Exercise inputs>
definition dXY :: "('v, 'p, 'w) grm \<Rightarrow> 'w \<Rightarrow> 'v trm fset \<Rightarrow> 'v trm fset \<Rightarrow> bool" where
  "dXY M s X Y = (\<forall>y \<in> fset Y. vD M X y s)"

text \<open>ne = False: general relational model; ne = True: general relational model of
  DFD^{non-empty} (relations/atoms at the empty set are then irrelevant junk).\<close>
definition is_grm_gen :: "('p \<Rightarrow> nat) \<Rightarrow> bool \<Rightarrow> ('v::finite, 'p, 'w) grm \<Rightarrow> bool" where
  "is_grm_gen ar ne M \<longleftrightarrow>
    (let ok = (\<lambda>X. ne \<longrightarrow> X \<noteq> {||}) in
    (\<not> ne \<longrightarrow> (\<forall>s t. eqr M {||} s t)) \<and>
    (\<forall>X. ok X \<longrightarrow> equivp (eqr M X)) \<and>
    (\<forall>X x s. ok X \<longrightarrow> x |\<in>| X \<longrightarrow> vD M X x s) \<and>
    (\<forall>X Y Z s. ok X \<longrightarrow> ok Y \<longrightarrow> ok Z \<longrightarrow> dXY M s X Y \<longrightarrow> dXY M s Y Z \<longrightarrow> dXY M s X Z) \<and>
    (\<forall>x s. vD M Vset (Nxt x) s) \<and>
    (\<forall>X Y s w. ok X \<longrightarrow> ok Y \<longrightarrow> eqr M X s w \<longrightarrow> dXY M s X Y \<longrightarrow>
        dXY M w X Y \<and> eqr M Y s w) \<and>
    (\<forall>X p xs s w. ok X \<longrightarrow> length xs = ar p \<longrightarrow> set xs \<subseteq> fset X \<longrightarrow> eqr M X s w \<longrightarrow>
        vP M p xs s \<longrightarrow> vP M p xs w) \<and>
    (\<forall>p xs s. length xs = ar p \<longrightarrow> (vP M p (map Nxt xs) s \<longleftrightarrow> vP M p xs (g M s))) \<and>
    (\<forall>X s w. ok X \<longrightarrow> eqr M (Nxt |`| X) s w \<longrightarrow> eqr M X (g M s) (g M w)) \<and>
    (\<forall>X Y s. ok X \<longrightarrow> ok Y \<longrightarrow> dXY M (g M s) X Y \<longrightarrow> dXY M s (Nxt |`| X) (Nxt |`| Y)))"

definition is_grm :: "('p \<Rightarrow> nat) \<Rightarrow> ('v::finite, 'p, 'w) grm \<Rightarrow> bool" where
  "is_grm ar = is_grm_gen ar False"

definition is_grm_ne :: "('p \<Rightarrow> nat) \<Rightarrow> ('v::finite, 'p, 'w) grm \<Rightarrow> bool" where
  "is_grm_ne ar = is_grm_gen ar True"

fun sat :: "('v, 'p, 'w) grm \<Rightarrow> 'w \<Rightarrow> ('v, 'p) fm \<Rightarrow> bool" where
  "sat M s (Pred p xs) = vP M p xs s"
| "sat M s (Neg a) = (\<not> sat M s a)"
| "sat M s (Conj a b) = (sat M s a \<and> sat M s b)"
| "sat M s (Next a) = sat M (g M s) a"
| "sat M s (Dbox X a) = (\<forall>t. eqr M X s t \<longrightarrow> sat M t a)"
| "sat M s (Dep X y) = vD M X y s"

end

theory Submission
  imports Defs
begin

(* Each axiom is valid because of the model condition
  matching it: the S5 axioms for D_X because =_X is an equivalence relation (C2), the
  dependence axioms by C3, locality of predicates and dependence atoms and the transfer axiom
  by C4/C5, the next-step axioms by C6-C8, and D_{} phi --> O phi by the universality of =_{}
  (C1). Axiom instances of DFD^{ne} carry only non-empty subscripts, which is exactly where the
  conditions on its models are imposed. *)

abbreviation admissible_subscript :: "bool \<Rightarrow> 'v trm fset \<Rightarrow> bool" where
  "admissible_subscript ne X \<equiv> ne \<longrightarrow> X \<noteq> {||}"
text \<open>
  On a triangle T the discrete solution is quadratic, so its Laplacian is a constant L on the
  interior of T. The elementwise mean minimises the L2 deviation from constants, hence for every
  real c
    ||sigma - mean(sigma)||_T <= ||sigma - (c + L)||_T <= ||f - c||_T + ||lap u + f - sigma||_T
  by Minkowski's inequality. Multiplying by h_T and using the triangle inequality in l2 over the
  elements gives eta3 <= eta4 + eta1, i.e. the constant is 1.
\<close>

lemma sqrt_le_add_sqrt_if_weighted_bound:
  fixes A B x :: real
  assumes "A \<ge> 0" "B \<ge> 0" and bound: "\<And>t. t > 0 \<Longrightarrow> x \<le> (1 + t) * A + (1 + 1/t) * B"
  shows "sqrt x \<le> sqrt A + sqrt B"
proof (rule field_le_epsilon)
  fix e :: real assume "e > 0"
  \<comment> \<open>the optimal weight t = sqrt B / sqrt A, perturbed so that A = 0 or B = 0 needs no case split\<close>
  define \<alpha> \<beta> where "\<alpha> = sqrt A + e/2" and "\<beta> = sqrt B + e/2"
  have pos: "\<alpha> > 0" "\<beta> > 0" using \<open>e > 0\<close> assms(1,2) by (simp_all add: \<alpha>_def \<beta>_def add_nonneg_pos)
  have "A / \<alpha> \<le> sqrt A" "B / \<beta> \<le> sqrt B"
    using pos assms(1,2) \<open>e > 0\<close> real_sqrt_ge_zero
    by (simp_all add: \<alpha>_def \<beta>_def divide_le_eq distrib_left flip: power2_eq_square)
  then have "(\<alpha> + \<beta>) * (A / \<alpha> + B / \<beta>) \<le> (\<alpha> + \<beta>) * (sqrt A + sqrt B)"
    using pos by (intro mult_left_mono add_mono) simp_all
  moreover have "(1 + \<beta>/\<alpha>) * A + (1 + 1/(\<beta>/\<alpha>)) * B = (\<alpha> + \<beta>) * (A / \<alpha> + B / \<beta>)"
    using pos by (simp add: field_simps)
  ultimately have "(1 + \<beta>/\<alpha>) * A + (1 + 1/(\<beta>/\<alpha>)) * B \<le> (\<alpha> + \<beta>) * (sqrt A + sqrt B)"
    by simp
  also have "\<dots> \<le> (\<alpha> + \<beta>)\<^sup>2"
    using pos \<open>e > 0\<close> by (simp add: power2_eq_square \<alpha>_def \<beta>_def mult_left_mono)
  finally have "x \<le> (\<alpha> + \<beta>)\<^sup>2" using bound[of "\<beta>/\<alpha>"] pos by simp
  then show "sqrt x \<le> sqrt A + sqrt B + e"
    using pos real_sqrt_le_mono by (fastforce simp: \<alpha>_def \<beta>_def)
qed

Task instructions> In the data above, which lines have "finite"? Report each of them.

Exercise response>
definition is_grm_gen :: "('p \<Rightarrow> nat) \<Rightarrow> bool \<Rightarrow> ('v::finite, 'p, 'w) grm \<Rightarrow> bool" where
definition is_grm :: "('p \<Rightarrow> nat) \<Rightarrow> ('v::finite, 'p, 'w) grm \<Rightarrow> bool" where
definition is_grm_ne :: "('p \<Rightarrow> nat) \<Rightarrow> ('v::finite, 'p, 'w) grm \<Rightarrow> bool" where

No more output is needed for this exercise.